Task prompt: How many of the lines below include the word "lemma"? Only the number should be given.

Entries taken from a collection:
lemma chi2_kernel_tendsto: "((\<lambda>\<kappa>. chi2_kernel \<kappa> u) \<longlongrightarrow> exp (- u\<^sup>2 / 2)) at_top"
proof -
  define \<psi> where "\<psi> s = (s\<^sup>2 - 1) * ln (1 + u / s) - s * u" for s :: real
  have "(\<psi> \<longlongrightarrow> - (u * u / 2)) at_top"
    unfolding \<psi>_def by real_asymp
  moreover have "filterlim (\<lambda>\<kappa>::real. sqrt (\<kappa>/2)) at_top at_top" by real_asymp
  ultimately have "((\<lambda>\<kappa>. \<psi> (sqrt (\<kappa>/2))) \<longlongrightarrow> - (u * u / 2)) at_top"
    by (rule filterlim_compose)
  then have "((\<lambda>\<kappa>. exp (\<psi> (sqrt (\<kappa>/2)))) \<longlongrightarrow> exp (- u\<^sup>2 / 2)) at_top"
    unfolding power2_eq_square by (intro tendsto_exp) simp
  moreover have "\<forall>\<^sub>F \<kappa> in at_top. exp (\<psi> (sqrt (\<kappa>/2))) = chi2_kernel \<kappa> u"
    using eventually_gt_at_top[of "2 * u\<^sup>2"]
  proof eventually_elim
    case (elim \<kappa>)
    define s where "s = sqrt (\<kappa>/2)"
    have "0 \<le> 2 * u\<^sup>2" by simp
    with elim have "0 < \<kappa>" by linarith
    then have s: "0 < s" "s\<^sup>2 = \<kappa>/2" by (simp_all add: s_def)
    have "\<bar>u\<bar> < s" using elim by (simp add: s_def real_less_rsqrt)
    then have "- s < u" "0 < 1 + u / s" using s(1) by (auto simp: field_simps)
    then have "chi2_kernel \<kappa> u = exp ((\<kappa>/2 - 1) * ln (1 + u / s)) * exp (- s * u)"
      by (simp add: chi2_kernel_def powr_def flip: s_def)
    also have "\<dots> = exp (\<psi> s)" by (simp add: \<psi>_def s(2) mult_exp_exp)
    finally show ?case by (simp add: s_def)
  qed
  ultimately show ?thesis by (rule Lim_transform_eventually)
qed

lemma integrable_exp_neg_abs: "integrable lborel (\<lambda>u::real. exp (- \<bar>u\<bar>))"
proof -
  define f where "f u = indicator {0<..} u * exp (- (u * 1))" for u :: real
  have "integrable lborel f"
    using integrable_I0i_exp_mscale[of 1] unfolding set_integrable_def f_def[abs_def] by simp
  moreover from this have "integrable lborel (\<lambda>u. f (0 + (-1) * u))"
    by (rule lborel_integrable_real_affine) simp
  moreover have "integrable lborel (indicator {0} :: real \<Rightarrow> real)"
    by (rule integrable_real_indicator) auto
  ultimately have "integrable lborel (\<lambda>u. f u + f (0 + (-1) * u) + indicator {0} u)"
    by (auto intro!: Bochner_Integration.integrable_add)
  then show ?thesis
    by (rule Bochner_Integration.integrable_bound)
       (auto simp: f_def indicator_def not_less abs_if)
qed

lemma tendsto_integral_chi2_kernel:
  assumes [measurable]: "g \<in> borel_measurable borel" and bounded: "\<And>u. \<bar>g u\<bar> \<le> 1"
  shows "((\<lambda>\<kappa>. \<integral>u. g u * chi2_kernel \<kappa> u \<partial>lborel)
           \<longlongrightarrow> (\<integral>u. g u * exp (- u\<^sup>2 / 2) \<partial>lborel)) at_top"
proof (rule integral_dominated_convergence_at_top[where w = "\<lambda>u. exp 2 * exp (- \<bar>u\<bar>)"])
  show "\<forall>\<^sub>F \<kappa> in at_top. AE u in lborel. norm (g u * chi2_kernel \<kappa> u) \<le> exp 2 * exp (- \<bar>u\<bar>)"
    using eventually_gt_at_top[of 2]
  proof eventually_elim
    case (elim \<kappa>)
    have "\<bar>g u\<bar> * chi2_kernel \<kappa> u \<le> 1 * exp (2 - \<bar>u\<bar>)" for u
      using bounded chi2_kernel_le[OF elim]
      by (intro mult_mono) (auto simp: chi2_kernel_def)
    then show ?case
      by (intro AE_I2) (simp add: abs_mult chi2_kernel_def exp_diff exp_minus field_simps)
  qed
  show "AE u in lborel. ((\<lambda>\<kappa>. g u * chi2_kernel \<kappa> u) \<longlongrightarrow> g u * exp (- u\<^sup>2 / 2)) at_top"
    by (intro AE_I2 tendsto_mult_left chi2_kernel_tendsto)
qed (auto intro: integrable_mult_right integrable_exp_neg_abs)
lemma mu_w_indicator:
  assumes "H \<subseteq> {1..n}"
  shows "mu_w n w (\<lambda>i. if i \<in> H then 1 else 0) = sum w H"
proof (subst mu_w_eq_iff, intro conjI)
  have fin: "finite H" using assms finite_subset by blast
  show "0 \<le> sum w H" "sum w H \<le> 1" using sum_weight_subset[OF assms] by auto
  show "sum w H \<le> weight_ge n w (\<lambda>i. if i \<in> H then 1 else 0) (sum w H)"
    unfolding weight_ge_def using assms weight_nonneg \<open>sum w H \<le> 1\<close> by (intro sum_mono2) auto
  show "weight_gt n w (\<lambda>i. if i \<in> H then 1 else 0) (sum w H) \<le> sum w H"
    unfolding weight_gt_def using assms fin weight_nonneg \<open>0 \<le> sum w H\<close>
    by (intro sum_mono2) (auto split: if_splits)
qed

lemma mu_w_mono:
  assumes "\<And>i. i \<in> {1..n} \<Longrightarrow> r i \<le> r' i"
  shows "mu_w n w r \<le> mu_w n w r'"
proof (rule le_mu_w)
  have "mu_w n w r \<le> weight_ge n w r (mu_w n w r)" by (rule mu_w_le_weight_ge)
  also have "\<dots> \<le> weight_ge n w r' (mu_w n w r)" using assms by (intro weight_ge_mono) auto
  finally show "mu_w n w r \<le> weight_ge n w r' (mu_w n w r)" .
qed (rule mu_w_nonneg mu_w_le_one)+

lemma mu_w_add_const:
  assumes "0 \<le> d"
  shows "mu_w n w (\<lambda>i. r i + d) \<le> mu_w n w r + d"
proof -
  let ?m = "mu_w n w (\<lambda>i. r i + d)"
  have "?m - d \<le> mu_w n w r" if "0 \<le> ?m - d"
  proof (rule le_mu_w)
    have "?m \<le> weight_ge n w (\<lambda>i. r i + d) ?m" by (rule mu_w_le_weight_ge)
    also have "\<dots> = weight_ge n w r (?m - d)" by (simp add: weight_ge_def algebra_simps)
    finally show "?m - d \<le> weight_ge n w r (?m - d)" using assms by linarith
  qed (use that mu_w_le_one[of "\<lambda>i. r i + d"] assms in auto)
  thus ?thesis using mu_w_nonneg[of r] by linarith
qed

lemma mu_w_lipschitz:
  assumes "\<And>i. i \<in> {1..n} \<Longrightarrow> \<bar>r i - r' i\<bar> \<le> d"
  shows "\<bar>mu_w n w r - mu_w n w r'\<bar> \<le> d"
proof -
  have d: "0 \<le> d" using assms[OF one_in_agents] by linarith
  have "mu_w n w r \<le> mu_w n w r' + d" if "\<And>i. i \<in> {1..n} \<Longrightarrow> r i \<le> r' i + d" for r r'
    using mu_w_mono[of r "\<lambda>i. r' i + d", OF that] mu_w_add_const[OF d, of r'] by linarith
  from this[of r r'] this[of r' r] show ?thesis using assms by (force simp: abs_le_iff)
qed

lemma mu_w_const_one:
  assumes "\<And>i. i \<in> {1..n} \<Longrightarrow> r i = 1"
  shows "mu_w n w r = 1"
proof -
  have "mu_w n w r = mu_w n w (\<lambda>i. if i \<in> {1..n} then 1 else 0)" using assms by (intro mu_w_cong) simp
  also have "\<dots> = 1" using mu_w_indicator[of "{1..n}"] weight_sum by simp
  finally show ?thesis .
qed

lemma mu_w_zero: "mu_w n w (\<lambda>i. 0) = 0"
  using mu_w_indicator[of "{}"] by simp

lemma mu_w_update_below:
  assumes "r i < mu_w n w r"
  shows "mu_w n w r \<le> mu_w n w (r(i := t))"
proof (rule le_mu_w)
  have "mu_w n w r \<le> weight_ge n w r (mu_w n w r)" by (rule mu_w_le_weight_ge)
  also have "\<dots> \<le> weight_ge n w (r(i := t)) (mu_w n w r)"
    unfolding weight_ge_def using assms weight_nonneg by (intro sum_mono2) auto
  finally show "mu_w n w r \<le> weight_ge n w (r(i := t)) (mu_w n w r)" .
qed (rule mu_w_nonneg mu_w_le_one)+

Answer space: 10